(* Let $k,\ell\ge 2$ be integers, $\alpha>0$, and let $\mathcal{C}$ be a non-empty $\alpha$-rich collection of $2\ell$-cycles in a graph $G$. If $\alpha\ge k\ell$, then $G$ contains a copy of $P_{k,\ell}$.
   Context: For $\alpha>0$ and $\ell\ge 2$, a collection $\mathcal{C}$ of labelled $2\ell$-cycles $x_1x_2\cdots x_{2\ell}x_1$ (with distinct vertices) in $G$ is $\alpha$-rich if for every member $x_1\cdots x_{2\ell}x_1\in\mathcal{C}$ and every $1\le i\le 2\ell$ there exist at least $\alpha$ distinct vertices $x_i'$ such that $x_1\cdots x_{i-1}x_i'x_{i+1}\cdots x_{2\ell}x_1\in\mathcal{C}$. The quadrangulated cylinder $P_{k,\ell}$ has vertex set $\{x_{i,j}:1\le i\le k,1\le j\le\ell\}$ and edges $x_{i,j}x_{i+1,j}$ ($1\le i\le k-1$, $1\le j\le\ell$), $x_{i,j+1}x_{i+1,j}$ ($1\le i\le k-1$ odd, $1\le j\le\ell$), $x_{i,j}x_{i+1,j+1}$ ($1\le i\le k-1$ even, $1\le j\le\ell$), with $x_{i,\ell+1}=x_{i,1}$. *)

theory Defs
  imports Complex_Main
begin

definition simple_graph :: "'a set \<Rightarrow> ('a \<Rightarrow> 'a \<Rightarrow> bool) \<Rightarrow> bool" where
  "simple_graph V E \<longleftrightarrow> finite V \<and> (\<forall>x y. E x y \<longrightarrow> E y x) \<and> (\<forall>x. \<not> E x x)
     \<and> (\<forall>x y. E x y \<longrightarrow> x \<in> V \<and> y \<in> V)"

text \<open>A labelled 2l-cycle x_1 ... x_{2l} x_1, stored as a list of length 2l (0-indexed).\<close>
definition is_cycle :: "'a set \<Rightarrow> ('a \<Rightarrow> 'a \<Rightarrow> bool) \<Rightarrow> nat \<Rightarrow> 'a list \<Rightarrow> bool" where
  "is_cycle V E l xs \<longleftrightarrow> length xs = 2 * l \<and> distinct xs \<and> set xs \<subseteq> V
     \<and> (\<forall>i < 2 * l. E (xs ! i) (xs ! ((i + 1) mod (2 * l))))"

definition rich :: "'a set \<Rightarrow> ('a \<Rightarrow> 'a \<Rightarrow> bool) \<Rightarrow> nat \<Rightarrow> real \<Rightarrow> 'a list set \<Rightarrow> bool" where
  "rich V E l \<alpha> C \<longleftrightarrow> (\<forall>xs \<in> C. is_cycle V E l xs) \<and>
     (\<forall>xs \<in> C. \<forall>i < 2 * l. \<exists>S. finite S \<and> real (card S) \<ge> \<alpha> \<and>
         (\<forall>v \<in> S. xs[i := v] \<in> C))"

definition cyc_succ :: "nat \<Rightarrow> nat \<Rightarrow> nat" where
  "cyc_succ l j = (if j = l then 1 else j + 1)"

text \<open>G contains a copy of the quadrangulated cylinder P_{k,l}: an injective
  map of its vertices x_{i,j} into V sending edges to edges.\<close>
definition has_cylinder :: "'a set \<Rightarrow> ('a \<Rightarrow> 'a \<Rightarrow> bool) \<Rightarrow> nat \<Rightarrow> nat \<Rightarrow> bool" where
  "has_cylinder V E k l \<longleftrightarrow> (\<exists>f :: nat \<Rightarrow> nat \<Rightarrow> 'a.
     inj_on (\<lambda>(i, j). f i j) ({1..k} \<times> {1..l}) \<and>
     (\<forall>i \<in> {1..k}. \<forall>j \<in> {1..l}. f i j \<in> V) \<and>
     (\<forall>i \<in> {1..k-1}. \<forall>j \<in> {1..l}. E (f i j) (f (i + 1) j)) \<and>
     (\<forall>i \<in> {1..k-1}. odd i \<longrightarrow> (\<forall>j \<in> {1..l}. E (f i (cyc_succ l j)) (f (i + 1) j))) \<and>
     (\<forall>i \<in> {1..k-1}. even i \<longrightarrow> (\<forall>j \<in> {1..l}. E (f i j) (f (i + 1) (cyc_succ l j)))))"

end

theory Submission
  imports Defs
begin

text \<open>The cylinder is built row by row, each row \<open>r\<close> being one parity class of a cycle of \<open>\<C>\<close>;
  the two parity classes of a single cycle always span the edges required between consecutive
  rows. To add row \<open>r + 1\<close>, keep the cycle carrying row \<open>r\<close> and use richness to re-choose its
  vertices of the other parity one at a time, each time among at least \<open>\<alpha>\<close> candidates, so that
  they avoid the at most \<open>r l < \<alpha>\<close> vertices already used. Hence \<open>\<alpha> > (k - 1) l\<close> suffices.\<close>

definition rows_linked :: "('a \<Rightarrow> 'a \<Rightarrow> bool) \<Rightarrow> nat \<Rightarrow> nat \<Rightarrow> (nat \<Rightarrow> 'a) \<Rightarrow> (nat \<Rightarrow> 'a) \<Rightarrow> bool" where
  "rows_linked E l i a b \<longleftrightarrow> (\<forall>j \<in> {1..l}. E (a j) (b j) \<and>
     (odd i \<longrightarrow> E (a (cyc_succ l j)) (b j)) \<and> (even i \<longrightarrow> E (a j) (b (cyc_succ l j))))"

definition cylinder_embedding :: "'a set \<Rightarrow> ('a \<Rightarrow> 'a \<Rightarrow> bool) \<Rightarrow> nat \<Rightarrow> nat \<Rightarrow> (nat \<Rightarrow> nat \<Rightarrow> 'a) \<Rightarrow> bool" where
  "cylinder_embedding V E k l f \<longleftrightarrow> inj_on (\<lambda>(i, j). f i j) ({1..k} \<times> {1..l}) \<and>
     (\<forall>i \<in> {1..k}. f i ` {1..l} \<subseteq> V) \<and> (\<forall>i \<in> {1..k-1}. rows_linked E l i (f i) (f (Suc i)))"

lemma has_cylinder_iff: "has_cylinder V E k l \<longleftrightarrow> (\<exists>f. cylinder_embedding V E k l f)"
  unfolding has_cylinder_def cylinder_embedding_def rows_linked_def by (auto simp: image_subset_iff)

lemma cyc_succ_in: "j \<in> {1..l} \<Longrightarrow> cyc_succ l j \<in> {1..l}"
  unfolding cyc_succ_def by auto

lemma rows_linked_cong:
  "\<forall>j \<in> {1..l}. a j = a' j \<Longrightarrow> rows_linked E l i a b \<longleftrightarrow> rows_linked E l i a' b"
  unfolding rows_linked_def using cyc_succ_in by metis

text \<open>Row \<open>i\<close> of the cylinder is read off a cycle \<open>x\<^sub>1 \<dots> x\<^sub>2\<^sub>l\<close> as \<open>x\<^sub>1, x\<^sub>3, \<dots>\<close> for odd \<open>i\<close>
  and as \<open>x\<^sub>2, x\<^sub>4, \<dots>\<close> for even \<open>i\<close> (list positions are 0-based).\<close>
definition row_pos :: "nat \<Rightarrow> nat \<Rightarrow> nat" where
  "row_pos i j = (if odd i then 2 * j - 2 else 2 * j - 1)"

definition cycle_row :: "'a list \<Rightarrow> nat \<Rightarrow> nat \<Rightarrow> 'a" where
  "cycle_row xs i j = xs ! row_pos i j"

lemma row_pos_less: "j \<in> {1..l} \<Longrightarrow> row_pos i j < 2 * l"
  unfolding row_pos_def by auto

lemma row_pos_eq_iff:
  "j \<in> {1..l} \<Longrightarrow> j' \<in> {1..l} \<Longrightarrow> row_pos i j = row_pos i' j' \<longleftrightarrow> (odd i \<longleftrightarrow> odd i') \<and> j = j'"
  unfolding row_pos_def by (auto split: if_splits) presburger+

lemma cycle_row_in_set: "is_cycle V E l xs \<Longrightarrow> j \<in> {1..l} \<Longrightarrow> cycle_row xs i j \<in> set xs"
  unfolding is_cycle_def cycle_row_def using row_pos_less by auto

lemma inj_on_cycle_row: "is_cycle V E l xs \<Longrightarrow> inj_on (cycle_row xs i) {1..l}"
  unfolding is_cycle_def cycle_row_def inj_on_def
  by (metis nth_eq_iff_index_eq row_pos_less row_pos_eq_iff)

lemma cycle_edge_odd_even:
  assumes "is_cycle V E l xs" "j \<in> {1..l}"
  shows "E (xs ! (2 * j - 2)) (xs ! (2 * j - 1))"
proof -
  have "2 * j - 2 < 2 * l" "(2 * j - 2 + 1) mod (2 * l) = 2 * j - 1" using assms(2) by auto
  then show ?thesis using assms(1) unfolding is_cycle_def by metis
qed

lemma cycle_edge_even_odd:
  assumes "is_cycle V E l xs" "j \<in> {1..l}"
  shows "E (xs ! (2 * j - 1)) (xs ! (2 * cyc_succ l j - 2))"
proof -
  have "2 * j - 1 < 2 * l" "(2 * j - 1 + 1) mod (2 * l) = 2 * cyc_succ l j - 2"
    using assms(2) unfolding cyc_succ_def by auto
  then show ?thesis using assms(1) unfolding is_cycle_def by metis
qed

lemma cycle_rows_linked:
  assumes "simple_graph V E" "is_cycle V E l xs"
  shows "rows_linked E l i (cycle_row xs i) (cycle_row xs (Suc i))"
  unfolding rows_linked_def
proof
  fix j assume j: "j \<in> {1..l}"
  have sym: "\<And>x y. E x y \<Longrightarrow> E y x" using assms(1) unfolding simple_graph_def by blast
  note edges = cycle_edge_odd_even[OF assms(2) j] cycle_edge_even_odd[OF assms(2) j]
  show "E (cycle_row xs i j) (cycle_row xs (Suc i) j) \<and>
      (odd i \<longrightarrow> E (cycle_row xs i (cyc_succ l j)) (cycle_row xs (Suc i) j)) \<and>
      (even i \<longrightarrow> E (cycle_row xs i j) (cycle_row xs (Suc i) (cyc_succ l j)))"
    using edges sym[OF edges(1)] sym[OF edges(2)] by (simp add: cycle_row_def row_pos_def)
qed

lemma rich_avoid:
  assumes rich: "rich V E l \<alpha> C" and F: "finite F" "real (card F) < \<alpha>"
    and P: "finite P" "P \<subseteq> {..<2 * l}" and xs: "xs \<in> C"
  shows "\<exists>ys \<in> C. (\<forall>p. p \<notin> P \<longrightarrow> ys ! p = xs ! p) \<and> (\<forall>p \<in> P. ys ! p \<notin> F)"
  using P
proof (induction P)
  case empty
  then show ?case using xs by auto
next
  case (insert a P)
  then obtain ys where ys: "ys \<in> C" "\<forall>p. p \<notin> P \<longrightarrow> ys ! p = xs ! p" "\<forall>p \<in> P. ys ! p \<notin> F"
    by auto
  have a: "a < 2 * l" using insert.prems by auto
  obtain S where S: "finite S" "real (card S) \<ge> \<alpha>" "\<forall>v \<in> S. ys[a := v] \<in> C"
    using rich ys(1) a unfolding rich_def by blast
  have "\<not> S \<subseteq> F"
  proof
    assume "S \<subseteq> F"
    then have "card S \<le> card F" using card_mono F(1) by blast
    then show False using S(2) F(2) by linarith
  qed
  then obtain v where v: "v \<in> S" "v \<notin> F" by blast
  have "length ys = 2 * l" using rich ys(1) unfolding rich_def is_cycle_def by blast
  then have "\<forall>p \<in> insert a P. ys[a := v] ! p \<notin> F"
    using ys(3) v(2) a by (simp add: nth_list_update)
  moreover have "\<forall>p. p \<notin> insert a P \<longrightarrow> ys[a := v] ! p = xs ! p" using ys(2) by simp
  moreover have "ys[a := v] \<in> C" using S(3) v(1) by blast
  ultimately show ?case by blast
qed

lemma cylinder_embedding_single_row:
  "inj_on a {1..l} \<Longrightarrow> a ` {1..l} \<subseteq> V \<Longrightarrow> cylinder_embedding V E 1 l (\<lambda>_. a)"
proof -
  assume "inj_on a {1..l}" "a ` {1..l} \<subseteq> V"
  moreover have "inj_on (\<lambda>(i, j). a j) ({1::nat} \<times> {1..l}) \<longleftrightarrow> inj_on a {1..l}"
    by (auto simp: inj_on_def)
  ultimately show ?thesis unfolding cylinder_embedding_def by simp
qed

lemma cylinder_embedding_extend:
  assumes f: "cylinder_embedding V E r l f"
    and b: "b ` {1..l} \<subseteq> V" "inj_on b {1..l}"
    and fresh: "b ` {1..l} \<inter> (\<lambda>(i, j). f i j) ` ({1..r} \<times> {1..l}) = {}"
    and linked: "rows_linked E l r (f r) b"
  shows "cylinder_embedding V E (Suc r) l (f(Suc r := b))"
proof -
  have inj: "inj_on (\<lambda>(i, j). f i j) ({1..r} \<times> {1..l})"
    using f unfolding cylinder_embedding_def by blast
  have b_fresh: "b j \<noteq> f i j'" if "j \<in> {1..l}" "i \<in> {1..r}" "j' \<in> {1..l}" for i j j'
  proof
    assume "b j = f i j'"
    then have "b j \<in> (\<lambda>(i, j). f i j) ` ({1..r} \<times> {1..l})" using that by force
    then show False using fresh that(1) by blast
  qed
  have "inj_on (\<lambda>(i, j). (f(Suc r := b)) i j) ({1..Suc r} \<times> {1..l})"
  proof (rule inj_onI, clarify)
    fix i j i' j'
    assume "i \<in> {1..Suc r}" "j \<in> {1..l}" "i' \<in> {1..Suc r}" "j' \<in> {1..l}"
      "(f(Suc r := b)) i j = (f(Suc r := b)) i' j'"
    then show "i = i' \<and> j = j'"
      using inj_onD[OF inj, of "(i, j)" "(i', j')"] inj_onD[OF b(2), of j j'] b_fresh[of j i' j'] b_fresh[of j' i j]
      by (auto simp: le_Suc_eq split: if_splits)
  qed
  moreover have "\<forall>i \<in> {1..Suc r}. (f(Suc r := b)) i ` {1..l} \<subseteq> V"
    using f b(1) unfolding cylinder_embedding_def by (auto simp: le_Suc_eq image_subset_iff)
  moreover have "\<forall>i \<in> {1..r}. rows_linked E l i ((f(Suc r := b)) i) ((f(Suc r := b)) (Suc i))"
    using f linked unfolding cylinder_embedding_def by (auto simp: le_less_Suc_eq)
  ultimately show ?thesis unfolding cylinder_embedding_def diff_Suc_1 by blast
qed

lemma cylinder_embedding_grow:
  assumes G: "simple_graph V E" and rich: "rich V E l \<alpha> C"
    and ys: "ys \<in> C" and f: "cylinder_embedding V E r l f" and last_row: "f r = cycle_row ys r"
    and small: "real (r * l) < \<alpha>"
  shows "\<exists>zs \<in> C. cylinder_embedding V E (Suc r) l (f(Suc r := cycle_row zs (Suc r)))"
proof -
  define F where "F = (\<lambda>(i, j). f i j) ` ({1..r} \<times> {1..l})"
  have "card F \<le> r * l"
    unfolding F_def using card_image_le[of "{1..r} \<times> {1..l}"] by simp
  then have card_F: "real (card F) < \<alpha>" using small by linarith
  define P where "P = row_pos (Suc r) ` {1..l}"
  have "P \<subseteq> {..<2 * l}" unfolding P_def using row_pos_less by blast
  moreover have "finite F" "finite P" unfolding F_def P_def by simp_all
  ultimately obtain zs where zs: "zs \<in> C" and agree: "\<forall>p. p \<notin> P \<longrightarrow> zs ! p = ys ! p"
    and avoid: "\<forall>p \<in> P. zs ! p \<notin> F"
    using rich_avoid[OF rich _ card_F _ _ ys] by blast
  have cyc: "is_cycle V E l zs" using rich zs unfolding rich_def by blast
  have "row_pos r j \<notin> P" if "j \<in> {1..l}" for j
    using row_pos_eq_iff[OF that] unfolding P_def by auto
  then have "\<forall>j \<in> {1..l}. cycle_row zs r j = f r j"
    using agree last_row by (simp add: cycle_row_def)
  then have "rows_linked E l r (f r) (cycle_row zs (Suc r))"
    using rows_linked_cong cycle_rows_linked[OF G cyc] by blast
  moreover have "cycle_row zs (Suc r) ` {1..l} \<inter> F = {}"
    using avoid unfolding P_def cycle_row_def by blast
  moreover have "cycle_row zs (Suc r) ` {1..l} \<subseteq> V"
    using cyc cycle_row_in_set unfolding is_cycle_def by blast
  ultimately show ?thesis
    using cylinder_embedding_extend[OF f _ inj_on_cycle_row[OF cyc]] zs unfolding F_def by blast
qed

lemma rich_cylinder_embedding:
  assumes G: "simple_graph V E" and rich: "rich V E l \<alpha> C" and "C \<noteq> {}"
    and "1 \<le> r" and "real ((r - 1) * l) < \<alpha>"
  shows "\<exists>f ys. ys \<in> C \<and> cylinder_embedding V E r l f \<and> f r = cycle_row ys r"
  using assms(4,5)
proof (induction r rule: nat_induct_at_least)
  case base
  obtain xs where xs: "xs \<in> C" using \<open>C \<noteq> {}\<close> by blast
  then have cyc: "is_cycle V E l xs" using rich unfolding rich_def by blast
  then have "cycle_row xs 1 ` {1..l} \<subseteq> V"
    using cycle_row_in_set unfolding is_cycle_def by blast
  then have "cylinder_embedding V E 1 l (\<lambda>_. cycle_row xs 1)"
    by (rule cylinder_embedding_single_row[OF inj_on_cycle_row[OF cyc]])
  then show ?case using xs by blast
next
  case (Suc r)
  then have small: "real (r * l) < \<alpha>" by simp
  moreover have "(r - 1) * l \<le> r * l" by simp
  ultimately obtain f ys where "ys \<in> C" "cylinder_embedding V E r l f" "f r = cycle_row ys r"
    using Suc.IH by (meson of_nat_le_iff le_less_trans)
  then obtain zs where "zs \<in> C"
    "cylinder_embedding V E (Suc r) l (f(Suc r := cycle_row zs (Suc r)))"
    using cylinder_embedding_grow[OF G rich _ _ _ small] by blast
  then show ?case by (metis fun_upd_same)
qed

theorem proposition3p4:
  fixes V :: "'a set" and E :: "'a \<Rightarrow> 'a \<Rightarrow> bool" and k l :: nat and \<alpha> :: real
    and C :: "'a list set"
  assumes "simple_graph V E"
    and "k \<ge> 2" and "l \<ge> 2" and "\<alpha> > 0"
    and "C \<noteq> {}" and "rich V E l \<alpha> C"
    and "\<alpha> \<ge> real (k * l)"
  shows "has_cylinder V E k l"
proof -
  have "(k - 1) * l < k * l" using assms(2,3) by simp
  then have "real ((k - 1) * l) < \<alpha>" using assms(7) by (metis of_nat_less_iff less_le_trans)
  then show ?thesis
    unfolding has_cylinder_iff using rich_cylinder_embedding[OF assms(1,6,5), of k] assms(2) by auto
qed

end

----------------

- _Work instructions_
The range runs from the line above containing "(odd i \<longrightarrow> E (a" to the line containing "unfolding has_cylinder_def cylinder_embedding_def", inclusive. Restate those lines word for word and no others.

- _Exercise response_
     (odd i \<longrightarrow> E (a (cyc_succ l j)) (b j)) \<and> (even i \<longrightarrow> E (a j) (b (cyc_succ l j))))"

definition cylinder_embedding :: "'a set \<Rightarrow> ('a \<Rightarrow> 'a \<Rightarrow> bool) \<Rightarrow> nat \<Rightarrow> nat \<Rightarrow> (nat \<Rightarrow> nat \<Rightarrow> 'a) \<Rightarrow> bool" where
  "cylinder_embedding V E k l f \<longleftrightarrow> inj_on (\<lambda>(i, j). f i j) ({1..k} \<times> {1..l}) \<and>
     (\<forall>i \<in> {1..k}. f i ` {1..l} \<subseteq> V) \<and> (\<forall>i \<in> {1..k-1}. rows_linked E l i (f i) (f (Suc i)))"

lemma has_cylinder_iff: "has_cylinder V E k l \<longleftrightarrow> (\<exists>f. cylinder_embedding V E k l f)"
  unfolding has_cylinder_def cylinder_embedding_def rows_linked_def by (auto simp: image_subset_iff)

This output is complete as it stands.